If you’re traveling solo, it can feel especially useful. One experience mentioned a group of two turned into a private tour feel. With a small group, the walk feels less like a performance and more like real conversation.
What you’ll see while you eat (and how to get more out of it)
You’ll be walking through downtown Valencia in Ciutat Vella, and you’ll stop for sightseeing while the food happens. You don’t need to be a history buff to enjoy it. Think of the sights as anchors.
The start and end points help you stitch the night together:
- Start at Plaça del Comte de Bunyol
- End around Cattedrale di Valencia
That makes it easier to plan what you do next afterward. After the last tapas and the last drink, you’ll still be near a major landmark instead of wandering far from where you started.
If you want photos, try to be quick at each stop. Food tours can move fast because everyone is tasting at roughly the same time. You’ll get plenty, but you’ll save the best shots by being ready.
Small considerations that can affect your comfort
This tour is designed for walking, so plan for your feet. Comfortable shoes are a must.
Also keep your bag situation simple. Luggage or large bags aren’t allowed, and pets aren’t allowed either. The goal is to keep movement easy between bars.
One other limitation: it’s not suitable for people with mobility impairments. If that’s you, don’t force it. You’ll enjoy Valencia more with an option that matches your pace.
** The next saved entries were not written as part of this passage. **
lemma hyp_term_ratio_tendsto_0:
  fixes p q :: complex and c :: real
  shows "(\<lambda>k. norm (p + of_nat k) * c / (norm (q + of_nat k) * (of_nat k + 1))) \<longlonglongrightarrow> 0"
proof -
  have inf: "filterlim (\<lambda>k. q + of_nat k :: complex) at_infinity sequentially"
    by (intro tendsto_add_filterlim_at_infinity[OF tendsto_const] tendsto_of_nat)
  have "(\<lambda>k. 1 + (p - q) / (q + of_nat k)) \<longlonglongrightarrow> 1 + 0"
    by (intro tendsto_intros tendsto_divide_0[OF tendsto_const inf])
  moreover have "eventually (\<lambda>k. 1 + (p - q) / (q + of_nat k) = (p + of_nat k) / (q + of_nat k)) sequentially"
  proof -
    have "eventually (\<lambda>k. norm (q + of_nat k) \<ge> 1) sequentially"
      using filterlim_at_infinity_imp_norm_at_top[OF inf] by (simp add: filterlim_at_top)
    then show ?thesis
    proof eventually_elim
      case (elim k)
      then have "q + of_nat k \<noteq> 0" by auto
      then show ?case by (simp add: field_simps)
    qed
  qed
  ultimately have "(\<lambda>k. (p + of_nat k) / (q + of_nat k)) \<longlonglongrightarrow> 1"
    using Lim_transform_eventually by fastforce
  then have "(\<lambda>k. norm ((p + of_nat k) / (q + of_nat k)) * (c * inverse (of_nat k + 1)))
               \<longlonglongrightarrow> norm (1::complex) * (c * 0)"
    using LIMSEQ_inverse_real_of_nat by (intro tendsto_intros) (simp_all add: add.commute)
  then show ?thesis by (simp add: norm_divide field_simps)
qed

definition hyp_term :: "complex \<Rightarrow> complex \<Rightarrow> complex \<Rightarrow> nat \<Rightarrow> complex" where
  "hyp_term p q z k = pochhammer p k / pochhammer q k * z ^ k / fact k"

lemma summable_norm_hyp_term: "summable (\<lambda>k. norm (hyp_term p q z k))"
proof (rule summable_ratio_tendsto_0)
  fix k
  show "norm (hyp_term p q z (Suc k)) =
          norm (p + of_nat k) * norm z / (norm (q + of_nat k) * (of_nat k + 1)) * norm (hyp_term p q z k)"
    by (simp add: hyp_term_def pochhammer_Suc norm_mult norm_divide norm_power norm_inverse divide_inverse ac_simps
        del: of_nat_Suc)
qed (rule hyp_term_ratio_tendsto_0)

lemma hyp_term_mult_power: "hyp_term p q (z * y) k = hyp_term p q z k * y ^ k"
  by (simp add: hyp_term_def power_mult_distrib)

lemma summable_norm_hyp_term_mult_power: "summable (\<lambda>k. norm (hyp_term p q z k * y ^ k))"
  unfolding hyp_term_mult_power[symmetric] by (rule summable_norm_hyp_term)

lemma hypergeom_single: "hypergeom [p] [q] z = (\<Sum>k. hyp_term p q z k)"
  by (simp add: hypergeom_def hyp_term_def)

lemma Re_pos_not_nonpos_Ints: "Re z > 0 \<Longrightarrow> z \<notin> \<int>\<^sub>\<le>\<^sub>0"
  by (auto elim!: nonpos_Ints_cases)

lemma norm_divide_add_of_nat_le:
  assumes "Re c > 0"
  shows "norm (x / (c + of_nat j)) \<le> norm x / Re c"
proof -
  have "Re c \<le> norm (c + of_nat j)"
    using complex_Re_le_cmod[of "c + of_nat j"] by simp
  with assms show ?thesis by (simp add: norm_divide frac_le)
qed

lemma summable_norm_divide_add_of_nat:
  assumes "Re c > 0" and "summable (\<lambda>j. norm (f j))"
  shows "summable (\<lambda>j. norm (f j / (c + of_nat (k + j))))"
proof (rule summable_comparison_test'[OF summable_divide[OF assms(2), of "Re c"]])
  show "norm (norm (f j / (c + of_nat (k + j)))) \<le> norm (f j) / Re c" for j
    using norm_divide_add_of_nat_le[OF assms(1), of "f j" "k + j"] by simp
qed

lemma summable_hyp_term_divide:
  assumes "Re c > 0"
  shows "summable (\<lambda>j. hyp_term p q z j / (c + of_nat (k + j)))"
  using summable_norm_divide_add_of_nat[OF assms summable_norm_hyp_term] by (rule summable_norm_cancel)

lemma macrobertE_shifted_pair:
  assumes c: "Re c > 0"
  shows "macrobertE [a, c] [q, c + 1] y =
           Gamma a / Gamma q * (\<Sum>j. hyp_term a q (- 1 / y) j / (c + of_nat j))"
proof -
  define z where "z = - 1 / y"
  have c_nonpos: "c \<notin> \<int>\<^sub>\<le>\<^sub>0" using c by (rule Re_pos_not_nonpos_Ints)
  have "c \<noteq> 0" using c by auto
  have "c + of_nat j \<noteq> 0" for j using c by (auto simp: complex_eq_iff)
  moreover have "pochhammer (c + 1) j \<noteq> 0" for j
    using Re_pos_not_nonpos_Ints[of "c + 1"] c pochhammer_eq_0_imp_nonpos_Int by force
  moreover have "pochhammer c j * (c + of_nat j) = c * pochhammer (c + 1) j" for j
    using pochhammer_rec[of c j] pochhammer_Suc[of c j] by simp
  ultimately have ratio: "pochhammer c j / pochhammer (c + 1) j = c / (c + of_nat j)" for j
    by (simp add: field_simps)
  have "hypergeom [a, c] [q, c + 1] z = (\<Sum>j. c * (hyp_term a q z j / (c + of_nat j)))"
    unfolding hypergeom_def
  proof (rule suminf_cong)
    fix j
    have "pochhammer a j * pochhammer c j / (pochhammer q j * pochhammer (c + 1) j) =
            pochhammer a j / pochhammer q j * (pochhammer c j / pochhammer (c + 1) j)"
      by simp
    then show "(\<Prod>b\<leftarrow>[a, c]. pochhammer b j) / (\<Prod>b\<leftarrow>[q, c + 1]. pochhammer b j) * z ^ j / fact j =
                 c * (hyp_term a q z j / (c + of_nat j))"
      unfolding ratio hyp_term_def by (simp add: ac_simps)
  qed
  also have "\<dots> = c * (\<Sum>j. hyp_term a q z j / (c + of_nat j))"
    using suminf_mult[OF summable_hyp_term_divide[OF c, of a q z 0]] by simp
  finally show ?thesis
    unfolding macrobertE_def z_def[symmetric]
    using Gamma_plus1[OF c_nonpos] \<open>c \<noteq> 0\<close> Gamma_eq_zero_iff[of c] c_nonpos
    by (simp add: field_simps)
qed

lemma summable_on_dominated_by_product:
  fixes f :: "nat \<Rightarrow> nat \<Rightarrow> complex" and u v :: "nat \<Rightarrow> real"
  assumes "summable u" and "summable v" and "\<And>k. u k \<ge> 0" and "\<And>j. v j \<ge> 0"
    and "\<And>k j. norm (f k j) \<le> u k * v j"
  shows "(\<lambda>(k, j). f k j) summable_on UNIV"
proof -
  have u: "(u has_sum suminf u) UNIV" and v: "(v has_sum suminf v) UNIV"
    using assms(1-4) by (auto intro: sums_nonneg_imp_has_sum summable_sums)
  have "(\<lambda>(k, j). u k * v j) summable_on Sigma UNIV (\<lambda>_. UNIV)"
  proof (rule summable_on_SigmaI)
    show "((\<lambda>j. case (k, j) of (k, j) \<Rightarrow> u k * v j) has_sum (u k * suminf v)) UNIV" for k
      using has_sum_cmult_right[OF v, of "u k"] by simp
    show "(\<lambda>k. u k * suminf v) summable_on UNIV"
      using has_sum_cmult_left[OF u, of "suminf v"] by (auto simp: summable_on_def)
  qed (auto intro!: mult_nonneg_nonneg assms(3,4))
  then have "(\<lambda>x. norm (case x of (k, j) \<Rightarrow> f k j)) summable_on UNIV \<times> UNIV"
    by (rule summable_on_comparison_test) (auto simp: assms(5))
  then show ?thesis
    unfolding UNIV_Times_UNIV by (rule abs_summable_summable)
qed

lemma sums_diagonal_suminf_suminf:
  fixes f :: "nat \<Rightarrow> nat \<Rightarrow> complex" and u v :: "nat \<Rightarrow> real"
  assumes "summable u" and "summable v" and "\<And>k. u k \<ge> 0" and "\<And>j. v j \<ge> 0"
    and dom: "\<And>k j. norm (f k j) \<le> u k * v j"
  shows "(\<lambda>m. \<Sum>i\<le>m. f i (m - i)) sums (\<Sum>k. \<Sum>j. f k j)"
proof -
  define F where "F = (\<lambda>(k, j). f k j)"
  define S where "S = infsum F UNIV"
  have S: "(F has_sum S) (UNIV \<times> UNIV)"
    using summable_on_dominated_by_product[OF assms] by (simp add: F_def S_def has_sum_infsum)
  have "((\<lambda>j. F (k, j)) has_sum (\<Sum>j. f k j)) UNIV" for k
  proof -
    have "summable (\<lambda>j. norm (f k j))"
      by (rule summable_comparison_test'[OF summable_mult[OF assms(2), of "u k"]]) (use dom in auto)
    then show ?thesis
      unfolding F_def using norm_summable_imp_has_sum summable_norm_cancel summable_sums by fastforce
  qed
  then have "((\<lambda>k. \<Sum>j. f k j) has_sum S) UNIV"
    by (rule has_sum_Sigma'[OF S])
  then have rows: "(\<lambda>k. \<Sum>j. f k j) sums S"
    by (rule has_sum_imp_sums)
  have "((\<lambda>(m, i). f i (m - i)) has_sum S) (Sigma UNIV (\<lambda>m. {..m}))"
    using S unfolding F_def by (subst has_sum_reindex_bij_witness[where j = "\<lambda>(k, l). (k + l, k)"
                  and i = "\<lambda>(m, t). (t, m - t)", symmetric]) auto
  then have "((\<lambda>m. \<Sum>i\<le>m. f i (m - i)) has_sum S) UNIV"
    by (rule has_sum_Sigma') auto
  then have "(\<lambda>m. \<Sum>i\<le>m. f i (m - i)) sums S"
    by (rule has_sum_imp_sums)
  with rows show ?thesis
    by (simp add: sums_iff)
qed

lemma has_vector_derivative_of_real_powr:
  fixes w :: complex and t :: real
  assumes "t \<noteq> 0"
  shows "((\<lambda>t. complex_of_real t powr w) has_vector_derivative (w * complex_of_real t powr (w - 1))) (at t)"
proof (cases "t > 0")
  case True
  then have "complex_of_real t \<notin> \<real>\<^sub>\<le>\<^sub>0" by (auto simp: complex_nonpos_Reals_iff)
  from has_field_derivative_powr[OF this, of w] show ?thesis
    by (rule has_vector_derivative_real_field)
next
  case False
  with assms have t: "t < 0" by simp
  have neg: "complex_of_real u powr v = (-1) powr v * (- complex_of_real u) powr v" if "u < 0" for u v
    using powr_neg_real_complex[of "-u" v] that by simp
  have minus_one: "(-1::complex) powr (w - 1) = - ((-1) powr w)"
    by (simp add: powr_def algebra_simps exp_diff)
  have "- complex_of_real t \<notin> \<real>\<^sub>\<le>\<^sub>0" using t by (auto simp: complex_nonpos_Reals_iff)
  then have "((\<lambda>z. (-1) powr w * (-z) powr w) has_field_derivative
               ((-1) powr w * (w * (- complex_of_real t) powr (w - 1) * (-1)))) (at (complex_of_real t))"
    by (auto intro!: derivative_eq_intros)
  then have "((\<lambda>u. (-1) powr w * (- complex_of_real u) powr w) has_vector_derivative
               ((-1) powr w * (w * (- complex_of_real t) powr (w - 1) * (-1)))) (at t)"
    by (rule has_vector_derivative_real_field)
  moreover have "(-1) powr w * (w * (- complex_of_real t) powr (w - 1) * (-1)) = w * complex_of_real t powr (w - 1)"
    using neg[OF t, of "w - 1"] minus_one by simp
  ultimately have "((\<lambda>u. (-1) powr w * (- complex_of_real u) powr w) has_vector_derivative
               (w * complex_of_real t powr (w - 1))) (at t)"
    by simp
  then show ?thesis
    by (rule has_vector_derivative_transform_within_open[where S = "{..<0}"]) (use t neg in auto)
qed

lemma isCont_of_real_powr:
  fixes w :: complex and t :: real
  assumes "Re w > 0"
  shows "isCont (\<lambda>t. complex_of_real t powr w) t"
proof (cases "t = 0")
  case True
  have "((\<lambda>t. complex_of_real t powr w) \<longlongrightarrow> 0) (at 0)"
    by (rule tendsto_powr_complex_0) (use assms in \<open>auto intro!: tendsto_eq_intros\<close>)
  then show ?thesis using True by (simp add: isCont_def)
next
  case False
  then show ?thesis
    using has_vector_derivative_of_real_powr has_vector_derivative_continuous by blast
qed

text \<open>The coefficients of \<open>G\<close> with \<open>(t\<^sup>w G(t))' = t\<^sup>w\<^sup>-\<^sup>1 B(t) A(t)\<close>, where
  \<open>A(t) = \<Sum> a\<^sub>j t\<^sup>j\<close>, \<open>B(t) = \<Sum> b\<^sub>k t\<^sup>k\<close>: termwise integration of the Cauchy product.\<close>
definition antideriv_coeff :: "(nat \<Rightarrow> complex) \<Rightarrow> (nat \<Rightarrow> complex) \<Rightarrow> complex \<Rightarrow> nat \<Rightarrow> complex" where
  "antideriv_coeff a b w m = (\<Sum>i\<le>m. b i * a (m - i)) / (w + of_nat m)"

lemma sums_antideriv_coeff:
  assumes w: "Re w > 0"
    and a: "summable (\<lambda>j. norm (a j * y ^ j))" and b: "summable (\<lambda>k. norm (b k * y ^ k))"
  shows "(\<lambda>m. antideriv_coeff a b w m * y ^ m) sums
           (\<Sum>k. \<Sum>j. b k * a j * y ^ (k + j) / (w + of_nat (k + j)))"
proof -
  have "(\<lambda>m. \<Sum>i\<le>m. b i * a (m - i) * y ^ (i + (m - i)) / (w + of_nat (i + (m - i)))) sums
          (\<Sum>k. \<Sum>j. b k * a j * y ^ (k + j) / (w + of_nat (k + j)))"
  proof (rule sums_diagonal_suminf_suminf[where u = "\<lambda>k. norm (b k * y ^ k)"
                                          and v = "\<lambda>j. norm (a j * y ^ j) / Re w"])
    fix k j
    have "norm (b k * a j * y ^ (k + j) / (w + of_nat (k + j))) =
            norm ((b k * y ^ k) * (a j * y ^ j) / (w + of_nat (k + j)))"
      by (simp add: power_add ac_simps)
    also have "\<dots> \<le> norm ((b k * y ^ k) * (a j * y ^ j)) / Re w"
      by (rule norm_divide_add_of_nat_le[OF w])
    finally show "norm (b k * a j * y ^ (k + j) / (w + of_nat (k + j))) \<le>
                    norm (b k * y ^ k) * (norm (a j * y ^ j) / Re w)"
      by (simp add: norm_mult)
  qed (use a b w in \<open>auto intro: summable_divide\<close>)
  moreover have "(\<Sum>i\<le>m. b i * a (m - i) * y ^ (i + (m - i)) / (w + of_nat (i + (m - i)))) =
                   antideriv_coeff a b w m * y ^ m" for m
    unfolding antideriv_coeff_def by (simp add: sum_divide_distrib sum_distrib_right)
  ultimately show ?thesis by simp
qed
(* Fix $\Gamma z_0\in\mathcal M$. Let $x\in[0,1)$ be irrational with Diophantine exponent $\kappa_x>1$, and let $\{y_n\}_{n\in\mathbb N}$ be positive numbers with $y_n\asymp n^{-\beta}$ for some fixed $2<\beta<2\kappa_x$. Then $$\limsup_{n\to\infty}\frac{\inf_{\Gamma z\in\mathcal R_n(x,y_n)}d_{\mathcal M}(\Gamma z_0,\Gamma z)}{\log n}\ge\min\{2\kappa_x-\beta,\ \beta-2\}.$$
   Context: For $\kappa>0$, $x$ is primitive $n^{-\kappa}$-approximable if there are infinitely many $n\in\mathbb N$ such that some $m\in\mathbb Z$ with $\gcd(m,n)=1$ satisfies $|x-\tfrac mn|<n^{-\kappa-1}$; the Diophantine exponent $\kappa_x$ of an irrational $x$ is the supremum of $\kappa'>0$ for which $x$ is primitive $n^{-\kappa'}$-approximable. $\Gamma=\mathrm{SL}_2(\mathbb Z)$, $\mathcal M=\Gamma\backslash\mathbb H$, $d_{\mathcal M}(\Gamma z_1,\Gamma z_2)=\inf_{\gamma\in\Gamma}d_{\mathbb H}(\gamma z_1,z_2)$ with $d_{\mathbb H}$ the hyperbolic distance. $\mathcal R_n(x,y)=\{\Gamma(x+\tfrac jn+iy):0\le j\le n-1\}$. *)

theory Defs
  imports "HOL-Analysis.Analysis"
begin

definition upper_half_plane :: "complex set" where
  "upper_half_plane = {z. Im z > 0}"

definition dist_H :: "complex \<Rightarrow> complex \<Rightarrow> real" where
  "dist_H z w = arcosh (1 + (cmod (z - w))^2 / (2 * Im z * Im w))"

definition SL2Z :: "(int \<times> int \<times> int \<times> int) set" where
  "SL2Z = {(a, b, c, d). a * d - b * c = 1}"

fun moebius :: "int \<times> int \<times> int \<times> int \<Rightarrow> complex \<Rightarrow> complex" where
  "moebius (a, b, c, d) z = (of_int a * z + of_int b) / (of_int c * z + of_int d)"

text \<open>Distance on the modular surface, computed on representatives:
  d_M(Gamma z1, Gamma z2) = inf over gamma of d_H(gamma z1, z2).\<close>
definition dist_M :: "complex \<Rightarrow> complex \<Rightarrow> real" where
  "dist_M z1 z2 = (INF g \<in> SL2Z. dist_H (moebius g z1) z2)"

definition R_reps :: "nat \<Rightarrow> real \<Rightarrow> real \<Rightarrow> complex set" where
  "R_reps n x y = {Complex (x + real j / real n) y | j. j \<le> n - 1}"

definition min_dist_R :: "complex \<Rightarrow> nat \<Rightarrow> real \<Rightarrow> real \<Rightarrow> real" where
  "min_dist_R z0 n x y = (INF z \<in> R_reps n x y. dist_M z0 z)"

definition primitive_approximable :: "real \<Rightarrow> real \<Rightarrow> bool" where
  "primitive_approximable \<kappa> x \<longleftrightarrow>
     infinite {n :: nat. \<exists>m :: int. coprime m (int n) \<and>
                  \<bar>x - real_of_int m / real n\<bar> < real n powr (- \<kappa> - 1)}"

definition dioph_exponent :: "real \<Rightarrow> ereal" where
  "dioph_exponent x = Sup (ereal ` {\<kappa>. \<kappa> > 0 \<and> primitive_approximable \<kappa> x})"

end

theory Submission
  imports Defs
begin

(* The element of SL2(Z) sending the reduced fraction p/n to the cusp at infinity lifts a
   point x + j/n + iy of R_n(x,y) to height at least y / (n^2 ((x - p/n)^2 + y^2)), whereas
   every point of the orbit of z0 has bounded height. Hyperbolic distance dominates the
   logarithm of the ratio of heights, so d_M(Gamma z0, Gamma z) is at least the logarithm of
   that height minus a constant. When |x - p/n| < n^(-k-1) and y_n is comparable to n^(-beta),
   the height is at least a constant times n^min(beta - 2, 2k - beta); this happens for
   infinitely many n whenever k < kappa_x. *)

lemma SL2Z_iff [simp]: "(a, b, c, d) \<in> SL2Z \<longleftrightarrow> a * d - b * c = 1"
  by (simp add: SL2Z_def)

lemma moebius_denom_nonzero:
  assumes "(a, b, c, d) \<in> SL2Z" "Im z > 0"
  shows "of_int c * z + of_int d \<noteq> 0"
proof
  assume denom: "of_int c * z + of_int d = 0"
  then have "Im (of_int c * z + of_int d) = 0" by simp
  then have "c = 0" using assms(2) by simp
  with denom assms(1) show False by simp
qed

lemma Im_moebius:
  assumes "(a, b, c, d) \<in> SL2Z"
  shows "Im (moebius (a, b, c, d) z) = Im z / (cmod (of_int c * z + of_int d))\<^sup>2"
proof -
  have "Im (moebius (a, b, c, d) z) = of_int (a * d - b * c) * Im z / (cmod (of_int c * z + of_int d))\<^sup>2"
    by (simp add: Im_divide' algebra_simps)
  with assms show ?thesis by simp
qed

lemma Im_moebius_pos:
  assumes "g \<in> SL2Z" "Im z > 0"
  shows "Im (moebius g z) > 0"
  using assms moebius_denom_nonzero[of _ _ _ _ z] Im_moebius[of _ _ _ _ z]
  by (cases g) auto

lemma moebius_diff:
  assumes g: "(a, b, c, d) \<in> SL2Z" and "Im u > 0" "Im v > 0"
  shows "moebius (a, b, c, d) u - moebius (a, b, c, d) v
           = (u - v) / ((of_int c * u + of_int d) * (of_int c * v + of_int d))"
proof -
  have "of_int c * u + of_int d \<noteq> 0" "of_int c * v + of_int d \<noteq> 0"
    using moebius_denom_nonzero assms by blast+
  moreover have "of_int a * of_int d - of_int b * of_int c = (1 :: complex)"
    using g by (metis SL2Z_iff of_int_1 of_int_diff of_int_mult)
  then have "(of_int a * u + of_int b) * (of_int c * v + of_int d)
      - (of_int a * v + of_int b) * (of_int c * u + of_int d) = u - v"
    by (simp add: algebra_simps)
  ultimately show ?thesis
    by (simp add: field_simps)
qed

lemma dist_H_moebius:
  assumes g: "g \<in> SL2Z" and u: "Im u > 0" and v: "Im v > 0"
  shows "dist_H (moebius g u) (moebius g v) = dist_H u v"
proof -
  obtain a b c d where g_eq: "g = (a, b, c, d)" by (cases g)
  define A where "A = cmod (of_int c * u + of_int d)"
  define B where "B = cmod (of_int c * v + of_int d)"
  have "A > 0" "B > 0"
    using moebius_denom_nonzero g u v unfolding A_def B_def g_eq by auto
  moreover have diff: "cmod (moebius g u - moebius g v) = cmod (u - v) / (A * B)"
    using moebius_diff g u v unfolding A_def B_def g_eq by (simp add: norm_divide norm_mult)
  moreover have Im_u: "Im (moebius g u) = Im u / A\<^sup>2" and Im_v: "Im (moebius g v) = Im v / B\<^sup>2"
    using Im_moebius g unfolding A_def B_def g_eq by blast+
  ultimately have "(cmod (moebius g u - moebius g v))\<^sup>2 / (2 * Im (moebius g u) * Im (moebius g v))
      = (cmod (u - v))\<^sup>2 / (2 * Im u * Im v)"
    unfolding diff Im_u Im_v using u v by (simp add: field_simps power2_eq_square)
  then show ?thesis
    unfolding dist_H_def by simp
qed
(* Let $\theta$ be a finite rooted tree with $n\ge1$ nodes, in which every node $v$ carries a type $\eta_v\in\{0,1,2,3\}$, subject to the constraint: no node of type $0$ or $1$ has exactly one child (immediately preceding node) with that child being of type $0$ or $1$. Let $N_i^1(\theta)$ be the number of internal nodes (nodes with at least one child) of type $1$ in $\theta$. Then $N_i^1(\theta)\le \frac{2n-1}{3}$.
   Context: In a rooted tree, the children of a node $v$ are the nodes immediately preceding $v$ (i.e. whose outgoing line enters $v$); end-nodes are nodes with no children and internal nodes are the others. All nodes, including the root node, are counted in $n$. *)

theory Defs
  imports Complex_Main
begin

text \<open>A node is represented as Node eta children, where eta is its type and
  children is the list of subtrees rooted at its children (the nodes immediately
  preceding it). The order of the list is irrelevant for all notions below.\<close>
datatype ttree = Node nat "ttree list"

fun label :: "ttree \<Rightarrow> nat" where
  "label (Node e ts) = e"

fun children :: "ttree \<Rightarrow> ttree list" where
  "children (Node e ts) = ts"

fun nnodes :: "ttree \<Rightarrow> nat" where
  "nnodes (Node e ts) = 1 + sum_list (map nnodes ts)"

fun types_ok :: "ttree \<Rightarrow> bool" where
  "types_ok (Node e ts) = (e \<le> 3 \<and> (\<forall>t\<in>set ts. types_ok t))"

fun constraint_ok :: "ttree \<Rightarrow> bool" where
  "constraint_ok (Node e ts) =
     (\<not> (e \<in> {0,1} \<and> length ts = 1 \<and> label (hd ts) \<in> {0,1})
      \<and> (\<forall>t\<in>set ts. constraint_ok t))"

fun N_i1 :: "ttree \<Rightarrow> nat" where
  "N_i1 (Node e ts) = (if e = 1 \<and> ts \<noteq> [] then 1 else 0) + sum_list (map N_i1 ts)"

end

theory Submission
  imports Defs
begin

text \<open>Induction on the tree with the strengthened invariant that a root of type other than 0 or 1
  leaves one extra unit of slack, 3N + 2 \<le> 2n. Summing the invariant over the children
  gives 3N + k \<le> 2n for the children of a node with k children, so an internal node of
  type 1 costs nothing when k \<ge> 2; when k = 1 the constraint forces the only child to have the
  extra slack.\<close>

definition slack :: "ttree \<Rightarrow> nat" where
  "slack t = (if label t \<in> {0, 1} then 1 else 2)"

lemma sum_list_N_i1_le:
  assumes "\<forall>t\<in>set ts. 3 * N_i1 t + 1 \<le> 2 * nnodes t"
  shows "3 * sum_list (map N_i1 ts) + length ts \<le> 2 * sum_list (map nnodes ts)"
  using assms by (induction ts) auto

lemma N_i1_slack_le_nnodes:
  "constraint_ok t \<Longrightarrow> 3 * N_i1 t + slack t \<le> 2 * nnodes t"
proof (induction t)
  case (Node e ts)
  have IH: "3 * N_i1 c + slack c \<le> 2 * nnodes c" if "c \<in> set ts" for c
    using Node that by auto
  have children: "3 * sum_list (map N_i1 ts) + length ts \<le> 2 * sum_list (map nnodes ts)"
  proof (intro sum_list_N_i1_le ballI)
    fix c assume "c \<in> set ts"
    then show "3 * N_i1 c + 1 \<le> 2 * nnodes c"
      using IH[of c] by (simp add: slack_def split: if_splits)
  qed
  consider "\<not> (e = 1 \<and> ts \<noteq> [])" | "e = 1" "length ts \<ge> 2" | c where "e = 1" "ts = [c]"
    by (cases ts) (auto simp: Suc_le_eq)
  then show ?case
  proof cases
    case 3
    with Node.prems have "label c \<notin> {0, 1}" by auto
    with IH[of c] have "3 * N_i1 c + 2 \<le> 2 * nnodes c" by (simp add: 3 slack_def)
    with 3 show ?thesis by (simp add: slack_def)
  qed (use children in \<open>auto simp: slack_def\<close>)
qed

theorem lemma2p1:
  fixes \<theta> :: ttree
  assumes "types_ok \<theta>" and "constraint_ok \<theta>"
  shows "real (N_i1 \<theta>) \<le> (2 * real (nnodes \<theta>) - 1) / 3"
proof -
  have "3 * N_i1 \<theta> + 1 \<le> 2 * nnodes \<theta>"
    using N_i1_slack_le_nnodes[OF assms(2)] by (simp add: slack_def split: if_splits)
  then show ?thesis by (simp add: field_simps)
qed

end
Should you book this Valencia tapas & drinks with a local?
If you want a straightforward way to eat like a local in Valencia’s city center, I’d say this tour is a strong fit. You get a built-in route, multiple tastings, and drinks that signal Valencia—without spending your night hunting menus and translations.
Book it if:
- you love tapas and want to try more than one classic
- you’d rather follow a local plan than wing it through Ciutat Vella
- you like a small-group vibe where you can ask questions
Skip it if:
- you need a tour that’s easy on mobility
- you hate walking and tight transitions between bars
- you only want one or two dishes and don’t care about the local context
Bottom line: for the money, this is more like several good meals guided by someone who knows which bars fit the dishes. If that’s your style, you’ll likely have a very satisfying night in Valencia.
FAQ
Where does the tour start and end?
You meet at Plaça del Comte de Bunyol. The tour finishes at Cattedrale di Valencia.
How long is the walking tour?
The tour lasts 3.5 hours.
How many food stops will we visit?
The experience includes at least 4 stops for food tasting.
What’s included with the price?
The tour includes a guided walking tour plus food and drinks, and at least one serving of food is included at each stop.
Are water and alcoholic drinks included?
Yes. Water and alcoholic drinks are included.
Is the tour suitable for people with mobility impairments?
No. The tour is not suitable for people with mobility impairments.